ACTIVITY: Restrict the output to the lines below starting at the one that contains "F') \<subseteq> x" and ending at the one that contains "u = s \<cdot>\<^sub>v", and restate them word for word, both ends included.

DATA PROVIDED:
------------------------------------

(* Consider an instance $(S,C,T,\mathbf{p},\mathbf{c})$ of the value-dependent DFEP with binary tests ($\ell=2$), where $S$ contains objects of at least two distinct classes. Let $\tau\in T$ be a test minimizing $\max_{i\in\{1,2\}} \frac{c^i(t)}{P(S)-P(S^i_t)}$ over all $t\in T$ (the test chosen by \textsc{DividePairs} at the root), and let $q\in\{1,2\}$ be an index attaining $\max\{c^1(\tau)+Cost_W(S^1_\tau),\; c^2(\tau)+Cost_W(S^2_\tau)\}$, where $Cost_W(G)$ is the worst testing cost of the decision tree produced by \textsc{DividePairs} on $G$. Then $$OPT_W(S)\;\ge\; \frac{c^q(\tau)\,P(S)}{P(S)-P(S^q_\tau)}.$$
   Context: Value-dependent DFEP: $S$ is a finite set of $n$ objects partitioned into classes $C=\{C_1,\dots,C_m\}$; $\mathbf p$ is a probability distribution on $S$; $T$ is a set of tests $t:S\to\{1,\dots,\ell\}$, complete in the sense that any two distinct objects are distinguished by some test; each test $t$ has $\ell$ costs $c^1(t),\dots,c^\ell(t)\in\mathbb{Q}^+$, and applying $t$ to object $s$ costs $c^{t(s)}(t)$. For $G\subseteq S$, $G^i_t=\{s\in G: t(s)=i\}$. A decision tree for $G$ is a leaf labeled with a class if all objects of $G$ are in that class; otherwise its root is labeled with a test $t$ and its children are decision trees for the nonempty sets $G^i_t$. For an object $s$, $cost(D,s)$ is the sum of $c^{t(s)}(t)$ over the tests $t$ on the root-to-leaf path of $s$ in $D$; $cost_W(D)=\max_s cost(D,s)$, and $OPT_W(G)$ is the minimum of $cost_W(D)$ over decision trees $D$ for $G$. A pair of objects is separable if they lie in different classes; $P(G)$ is the number of separable pairs in $G$, i.e. $P(G)=\sum_{i<j} n_in_j$ where $n_i$ is the number of objects of $G$ in class $i$. A ratio with zero denominator is taken as $+\infty$. Algorithm \textsc{DividePairs} on a set $G$: if all objects of $G$ are in the same class, return a leaf; otherwise choose a test $t$ minimizing $\max_{1\le i\le\ell} c^i(t)/(P(G)-P(G^i_t))$, make it the root, and recursively build the subtrees for each nonempty $G^i_t$. *)

theory Defs
  imports "HOL-Library.Extended_Real"
begin

datatype ('a, 'c) dtree = Leaf 'c | Node "'a \<Rightarrow> nat" "nat \<Rightarrow> ('a, 'c) dtree"

definition part :: "'a set \<Rightarrow> ('a \<Rightarrow> nat) \<Rightarrow> nat \<Rightarrow> 'a set" where
  "part G t i = {s \<in> G. t s = i}"

definition sep_pairs :: "('a \<Rightarrow> 'c) \<Rightarrow> 'a set \<Rightarrow> nat" where
  "sep_pairs cls G = card {{x, y} | x y. x \<in> G \<and> y \<in> G \<and> cls x \<noteq> cls y}"
lemma ultrafilter_in_disjoint:
  assumes A: "ring_of_sets X A" and U: "is_ultrafilter_in A U" and Q: "Q \<in> A" "Q \<notin> U"
  shows "\<exists>P\<in>U. Q \<inter> P = {}"
proof (rule ccontr)
  assume meets: "\<not> ?thesis"
  have Int: "a \<inter> b \<in> A" if "a \<in> A" "b \<in> A" for a b
    using A that by (metis ring_of_sets.axioms(1) semiring_of_sets.Int)
  have filter: "is_filter_in A U"
    using U by (rule is_ultrafilter_in_filter)
  note U_props = is_filter_inD[OF filter]
  define F where "F = {S \<in> A. \<exists>P\<in>U. Q \<inter> P \<subseteq> S}"
  have "is_filter_in A F"
    unfolding is_filter_in_def
  proof (intro conjI ballI impI)
    obtain P where "P \<in> U" using U_props(1) by blast
    then have "Q \<inter> P \<in> F"
      using Q(1) Int U_props(2) unfolding F_def by blast
    then show "F \<noteq> {}" by blast
    show "{} \<notin> F" using meets unfolding F_def by blast
    fix E E' assume "E \<in> F" "E' \<in> F"
    then obtain P P' where "P \<in> U" "P' \<in> U" "Q \<inter> P \<subseteq> E" "Q \<inter> P' \<subseteq> E'" "E \<in> A" "E' \<in> A"
      unfolding F_def by blast
    moreover have "P \<inter> P' \<in> U" using U_props(4) \<open>P \<in> U\<close> \<open>P' \<in> U\<close> .
    ultimately show "E \<inter> E' \<in> F" unfolding F_def using Int by blast
  qed (auto simp: F_def)
  moreover have "U \<subseteq> F"
    using U_props(2) unfolding F_def by blast
  ultimately have "F = U" by (rule is_ultrafilter_in_maximal[OF U])
  moreover have "Q \<in> F"
    using Q(1) U_props(1) unfolding F_def by blast
  ultimately show False using Q(2) by blast
qed

lemma ultrafilter_in_prime:
  assumes A: "ring_of_sets X A" and U: "is_ultrafilter_in A U"
    and "finite F" "F \<subseteq> A" "E \<in> U" "E \<subseteq> \<Union>F"
  shows "F \<inter> U \<noteq> {}"
  using assms(3-)
proof (induction F arbitrary: E rule: finite_induct)
  case empty
  then have "E = {}" by simp
  with \<open>E \<in> U\<close> show ?case
    using is_filter_inD(3)[OF is_ultrafilter_in_filter[OF U]] by blast
next
  case (insert G F)
  show ?case
  proof (cases "G \<in> U")
    case False
    then obtain P where "P \<in> U" "G \<inter> P = {}"
      using ultrafilter_in_disjoint[OF A U] insert.prems(1) by blast
    have "E \<inter> P \<in> U"
      using is_ultrafilter_in_filter[OF U] \<open>E \<in> U\<close> \<open>P \<in> U\<close> by (rule is_filter_inD(4))
    moreover have "E \<inter> P \<subseteq> \<Union>F"
      using \<open>E \<subseteq> \<Union>(insert G F)\<close> \<open>G \<inter> P = {}\<close> by blast
    ultimately have "F \<inter> U \<noteq> {}"
      using insert.IH insert.prems(1) by blast
    then show ?thesis by blast
  qed simp
qed

definition decides :: "'b set set \<Rightarrow> 'b set \<Rightarrow> bool" where
  "decides B Q \<longleftrightarrow> (\<exists>b\<in>B. b \<subseteq> Q) \<or> (\<exists>b\<in>B. b \<inter> Q = {})"

lemma decides_Un:
  assumes directed: "\<And>x y. x \<in> B \<Longrightarrow> y \<in> B \<Longrightarrow> \<exists>z\<in>B. z \<subseteq> x \<inter> y"
    and "decides B a" and "decides B b"
  shows "decides B (a \<union> b)"
proof (cases "\<exists>x\<in>B. x \<subseteq> a \<or> x \<subseteq> b")
  case True
  then show ?thesis unfolding decides_def by blast
next
  case False
  with assms(2) obtain x where "x \<in> B" "x \<inter> a = {}"
    unfolding decides_def by blast
  from False assms(3) obtain y where "y \<in> B" "y \<inter> b = {}"
    unfolding decides_def by blast
  from directed[OF \<open>x \<in> B\<close> \<open>y \<in> B\<close>] obtain z where "z \<in> B" "z \<subseteq> x \<inter> y" ..
  with \<open>x \<inter> a = {}\<close> \<open>y \<inter> b = {}\<close> have "z \<inter> (a \<union> b) = {}" by blast
  with \<open>z \<in> B\<close> show ?thesis unfolding decides_def by blast
qed

lemma decides_Diff:
  assumes directed: "\<And>x y. x \<in> B \<Longrightarrow> y \<in> B \<Longrightarrow> \<exists>z\<in>B. z \<subseteq> x \<inter> y"
    and "decides B a" and "decides B b"
  shows "decides B (a - b)"
proof (cases "\<exists>x\<in>B. x \<inter> a = {} \<or> x \<subseteq> b")
  case True
  then show ?thesis unfolding decides_def by blast
next
  case False
  with assms(2) obtain x where "x \<in> B" "x \<subseteq> a"
    unfolding decides_def by blast
  from False assms(3) obtain y where "y \<in> B" "y \<inter> b = {}"
    unfolding decides_def by blast
  from directed[OF \<open>x \<in> B\<close> \<open>y \<in> B\<close>] obtain z where "z \<in> B" "z \<subseteq> x \<inter> y" ..
  with \<open>x \<subseteq> a\<close> \<open>y \<inter> b = {}\<close> have "z \<subseteq> a - b" by blast
  with \<open>z \<in> B\<close> show ?thesis unfolding decides_def by blast
qed

lemma is_filter_in_upclose:
  assumes A: "ring_of_sets X A" and "B \<noteq> {}" "B \<subseteq> A" "{} \<notin> B"
    and directed: "\<And>x y. x \<in> B \<Longrightarrow> y \<in> B \<Longrightarrow> \<exists>z\<in>B. z \<subseteq> x \<inter> y"
  shows "is_filter_in A (upclose A B)"
  unfolding is_filter_in_def
proof (intro conjI ballI impI)
  show "upclose A B \<noteq> {}" "upclose A B \<subseteq> A" "{} \<notin> upclose A B"
    using assms(2-4) unfolding upclose_def by auto
next
  fix E E' assume "E \<in> upclose A B" "E' \<in> upclose A B"
  then obtain x y where "x \<in> B" "y \<in> B" "x \<subseteq> E" "y \<subseteq> E'" "E \<in> A" "E' \<in> A"
    unfolding upclose_def by blast
  moreover obtain z where "z \<in> B" "z \<subseteq> x \<inter> y"
    using directed[OF \<open>x \<in> B\<close> \<open>y \<in> B\<close>] ..
  moreover have "E \<inter> E' \<in> A"
    using A \<open>E \<in> A\<close> \<open>E' \<in> A\<close> by (meson ring_of_sets.axioms(1) semiring_of_sets.Int)
  ultimately show "E \<inter> E' \<in> upclose A B"
    unfolding upclose_def by blast
next
  fix E E' assume "E \<in> upclose A B" "E' \<in> A" "E \<subseteq> E'"
  then show "E' \<in> upclose A B"
    unfolding upclose_def by blast
qed

lemma is_ultrafilter_baseI:
  assumes A: "ring_of_sets X A" and "B \<noteq> {}" "B \<subseteq> A" "{} \<notin> B"
    and directed: "\<And>x y. x \<in> B \<Longrightarrow> y \<in> B \<Longrightarrow> \<exists>z\<in>B. z \<subseteq> x \<inter> y"
    and decisive: "\<And>Q. Q \<in> A \<Longrightarrow> decides B Q"
  shows "is_ultrafilter_base A B"
proof -
  have "\<exists>P\<in>upclose A B. Q \<inter> P = {}" if "Q \<in> A" "Q \<notin> upclose A B" for Q
  proof -
    have "\<not> (\<exists>b\<in>B. b \<subseteq> Q)"
      using that unfolding upclose_def by blast
    then obtain b where "b \<in> B" "b \<inter> Q = {}"
      using decisive[OF \<open>Q \<in> A\<close>] unfolding decides_def by blast
    moreover have "b \<in> upclose A B"
      using \<open>b \<in> B\<close> \<open>B \<subseteq> A\<close> unfolding upclose_def by blast
    ultimately show ?thesis by blast
  qed
  with is_filter_in_upclose[OF assms(1-5)] have "is_ultrafilter_in A (upclose A B)"
    by (rule is_ultrafilter_inI)
  then show ?thesis
    unfolding is_ultrafilter_base_def using assms(2-4) directed by blast
qed

text \<open>For \<open>D = \<D>\<^sup>(\<^sup>0\<^sup>)\<^sub>v\<close> these are \<open>v\<Lambda>\<^sup>*\<close> and \<open>C \<mapsto> \<U>\<^sup>0\<^sub>C\<close>.\<close>

definition tight_filters :: "'b set set \<Rightarrow> 'b set set set" where
  "tight_filters D = {C. is_filter_in D C \<and> (\<forall>F. finite F \<and> F \<subseteq> D \<and> F \<inter> C = {} \<longrightarrow> \<not> covers F C)}"

definition tight_base :: "'b set set \<Rightarrow> 'b set set \<Rightarrow> 'b set set" where
  "tight_base D C = {E - \<Union>F | E F. E \<in> C \<and> finite F \<and> F \<subseteq> D \<and> \<not> covers F C}"

lemma tight_filter_is_filter: "C \<in> tight_filters D \<Longrightarrow> is_filter_in D C"
  unfolding tight_filters_def by blast

lemma tight_filter_covers_iff:
  assumes "C \<in> tight_filters D" "finite F" "F \<subseteq> D"
  shows "covers F C \<longleftrightarrow> F \<inter> C \<noteq> {}"
  using assms unfolding tight_filters_def covers_def by blast

lemma tight_baseI:
  assumes "C \<in> tight_filters D" "E \<in> C" "finite F" "F \<subseteq> D" "F \<inter> C = {}"
  shows "E - \<Union>F \<in> tight_base D C"
proof -
  have "\<not> covers F C"
    using tight_filter_covers_iff[OF assms(1,3,4)] assms(5) by blast
  then show ?thesis
    unfolding tight_base_def using assms(2-4) by blast
qed

lemma tight_baseE:
  assumes "C \<in> tight_filters D" "x \<in> tight_base D C"
  obtains E F where "x = E - \<Union>F" "E \<in> C" "finite F" "F \<subseteq> D" "F \<inter> C = {}"
proof -
  obtain E F where "x = E - \<Union>F" "E \<in> C" "finite F" "F \<subseteq> D" "\<not> covers F C"
    using assms(2) unfolding tight_base_def by blast
  with tight_filter_covers_iff[OF assms(1)] show ?thesis
    using that by blast
qed

lemma tight_base_directed:
  assumes C: "C \<in> tight_filters D" and "x \<in> tight_base D C" "y \<in> tight_base D C"
  shows "\<exists>z\<in>tight_base D C. z \<subseteq> x \<inter> y"
proof -
  obtain E F where x: "x = E - \<Union>F" "E \<in> C" "finite F" "F \<subseteq> D" "F \<inter> C = {}"
    using tight_baseE[OF C \<open>x \<in> tight_base D C\<close>] .
  obtain E' F' where y: "y = E' - \<Union>F'" "E' \<in> C" "finite F'" "F' \<subseteq> D" "F' \<inter> C = {}"
    using tight_baseE[OF C \<open>y \<in> tight_base D C\<close>] .
  have "E \<inter> E' \<in> C"
    using is_filter_inD(4)[OF tight_filter_is_filter[OF C]] x(2) y(2) .
  then have "E \<inter> E' - \<Union>(F \<union> F') \<in> tight_base D C"
    using x y by (intro tight_baseI[OF C]) auto
  moreover have "E \<inter> E' - \<Union>(F \<union> F') \<subseteq> x \<inter> y"
    using x(1) y(1) by blast
  ultimately show ?thesis by blast
qed
lemma pbh_detectable_similar:
  assumes R: "R \<in> carrier_mat n n" and S: "S \<in> carrier_mat n n" and A: "A \<in> carrier_mat n n"
    and C: "C \<in> carrier_mat p n" and SR: "S * R = 1\<^sub>m n" and RS: "R * S = 1\<^sub>m n"
    and P: "pbh_detectable A C"
  shows "pbh_detectable (R * A * S) (C * S)"
proof (rule pbh_detectableI)
  show "R * A * S \<in> carrier_mat n n" "C * S \<in> carrier_mat p n" using R A S C by auto
  fix s v assume s: "0 \<le> Re s" and v: "v \<in> carrier_vec n" and ev: "cmat (R * A * S) *\<^sub>v v = s \<cdot>\<^sub>v v"
    and Cv: "cmat (C * S) *\<^sub>v v = 0\<^sub>v p"
  have cR: "cmat R \<in> carrier_mat n n" and cS: "cmat S \<in> carrier_mat n n" and cA: "cmat A \<in> carrier_mat n n"
    and cC: "cmat C \<in> carrier_mat p n"
    using R S A C by auto
  define u where "u = cmat S *\<^sub>v v"
  have uc: "u \<in> carrier_vec n" unfolding u_def using cS v by simp
  have "cmat A *\<^sub>v u = (cmat S * cmat R) *\<^sub>v (cmat A *\<^sub>v u)"
    unfolding cmat_mult[OF S R, symmetric] SR using cA uc by simp
  also have "\<dots> = cmat S *\<^sub>v (cmat R *\<^sub>v (cmat A *\<^sub>v (cmat S *\<^sub>v v)))"
    unfolding u_def using cS cR cA v by simp
  also have "\<dots> = cmat S *\<^sub>v (cmat (R * A * S) *\<^sub>v v)"
    unfolding cmat_similar[OF R A S]
    by (simp only: assoc_mult_mat_vec[OF mult_carrier_mat[OF cR cA] cS v]
        assoc_mult_mat_vec[OF cR cA mult_mat_vec_carrier[OF cS v]])
  also have "\<dots> = s \<cdot>\<^sub>v u" unfolding ev u_def using mult_mat_vec[OF cS v] .
  finally have Au: "cmat A *\<^sub>v u = s \<cdot>\<^sub>v u" .
  have Cu: "cmat C *\<^sub>v u = 0\<^sub>v p"
    using Cv unfolding u_def cmat_mult[OF C S] using cC cS v by (simp add: assoc_mult_mat_vec)
  have "v = (cmat R * cmat S) *\<^sub>v v" unfolding cmat_mult[OF R S, symmetric] RS using v by simp
  also have "\<dots> = cmat R *\<^sub>v u" unfolding u_def using cR cS v by (simp add: assoc_mult_mat_vec)
  also have "\<dots> = 0\<^sub>v n" unfolding pbh_detectableD[OF P A C s uc Au Cu] using cR by auto
  finally show "v = 0\<^sub>v n" .
qed

lemma pbh_detectable_zero_output_imp_hurwitz:
  assumes A: "A \<in> carrier_mat n n" and P: "pbh_detectable A (0\<^sub>m p n)"
  shows "hurwitz A"
  unfolding hurwitz_iff_eigenvector
proof (intro allI impI)
  fix e v assume v: "v \<in> carrier_vec (dim_row A)" "v \<noteq> 0\<^sub>v (dim_row A)" "cmat A *\<^sub>v v = e \<cdot>\<^sub>v v"
  show "Re e < 0"
  proof (rule ccontr)
    assume "\<not> Re e < 0"
    moreover have "cmat (0\<^sub>m p n) *\<^sub>v v = 0\<^sub>v p" using v(1) A by (intro eq_vecI) auto
    ultimately have "v = 0\<^sub>v n" using pbh_detectableD[OF P A zero_carrier_mat _ _ v(3)] v(1) A by simp
    thus False using v(2) A by simp
  qed
qed

lemma char_mat_mult_vec_eq_0_iff:
  assumes A: "A \<in> carrier_mat n n" and v: "v \<in> carrier_vec n"
  shows "(s \<cdot>\<^sub>m 1\<^sub>m n - cmat A) *\<^sub>v v = 0\<^sub>v n \<longleftrightarrow> cmat A *\<^sub>v v = s \<cdot>\<^sub>v v"
proof -
  have cA: "cmat A \<in> carrier_mat n n" using A by simp
  have sI: "s \<cdot>\<^sub>m 1\<^sub>m n *\<^sub>v v = s \<cdot>\<^sub>v v"
  proof (rule eq_vecI)
    fix i assume "i < dim_vec (s \<cdot>\<^sub>v v)"
    hence i: "i < n" using v by simp
    have "(s \<cdot>\<^sub>m 1\<^sub>m n *\<^sub>v v) $ i = (\<Sum>j<n. if j = i then s * v $ j else 0)"
      unfolding mult_mat_vec_index_sum[OF smult_carrier_mat[OF one_carrier_mat] v i]
      by (rule sum.cong) (auto simp: i)
    thus "(s \<cdot>\<^sub>m 1\<^sub>m n *\<^sub>v v) $ i = (s \<cdot>\<^sub>v v) $ i" using i v by simp
  qed (use v in simp)
  have "(s \<cdot>\<^sub>m 1\<^sub>m n - cmat A) *\<^sub>v v = s \<cdot>\<^sub>v v - cmat A *\<^sub>v v"
    using minus_mult_distrib_mat_vec[OF smult_carrier_mat[OF one_carrier_mat] cA v] sI by simp
  thus ?thesis using cA v by (auto simp: vec_eq_iff)
qed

------------------------------------

RESULT FOR THIS TASK:
  moreover have "E \<inter> E' - \<Union>(F \<union> F') \<subseteq> x \<inter> y"
    using x(1) y(1) by blast
  ultimately show ?thesis by blast
qed
lemma pbh_detectable_similar:
  assumes R: "R \<in> carrier_mat n n" and S: "S \<in> carrier_mat n n" and A: "A \<in> carrier_mat n n"
    and C: "C \<in> carrier_mat p n" and SR: "S * R = 1\<^sub>m n" and RS: "R * S = 1\<^sub>m n"
    and P: "pbh_detectable A C"
  shows "pbh_detectable (R * A * S) (C * S)"
proof (rule pbh_detectableI)
  show "R * A * S \<in> carrier_mat n n" "C * S \<in> carrier_mat p n" using R A S C by auto
  fix s v assume s: "0 \<le> Re s" and v: "v \<in> carrier_vec n" and ev: "cmat (R * A * S) *\<^sub>v v = s \<cdot>\<^sub>v v"
    and Cv: "cmat (C * S) *\<^sub>v v = 0\<^sub>v p"
  have cR: "cmat R \<in> carrier_mat n n" and cS: "cmat S \<in> carrier_mat n n" and cA: "cmat A \<in> carrier_mat n n"
    and cC: "cmat C \<in> carrier_mat p n"
    using R S A C by auto
  define u where "u = cmat S *\<^sub>v v"
  have uc: "u \<in> carrier_vec n" unfolding u_def using cS v by simp
  have "cmat A *\<^sub>v u = (cmat S * cmat R) *\<^sub>v (cmat A *\<^sub>v u)"
    unfolding cmat_mult[OF S R, symmetric] SR using cA uc by simp
  also have "\<dots> = cmat S *\<^sub>v (cmat R *\<^sub>v (cmat A *\<^sub>v (cmat S *\<^sub>v v)))"
    unfolding u_def using cS cR cA v by simp
  also have "\<dots> = cmat S *\<^sub>v (cmat (R * A * S) *\<^sub>v v)"
    unfolding cmat_similar[OF R A S]
    by (simp only: assoc_mult_mat_vec[OF mult_carrier_mat[OF cR cA] cS v]
        assoc_mult_mat_vec[OF cR cA mult_mat_vec_carrier[OF cS v]])
  also have "\<dots> = s \<cdot>\<^sub>v u" unfolding ev u_def using mult_mat_vec[OF cS v] .
  finally have Au: "cmat A *\<^sub>v u = s \<cdot>\<^sub>v u" .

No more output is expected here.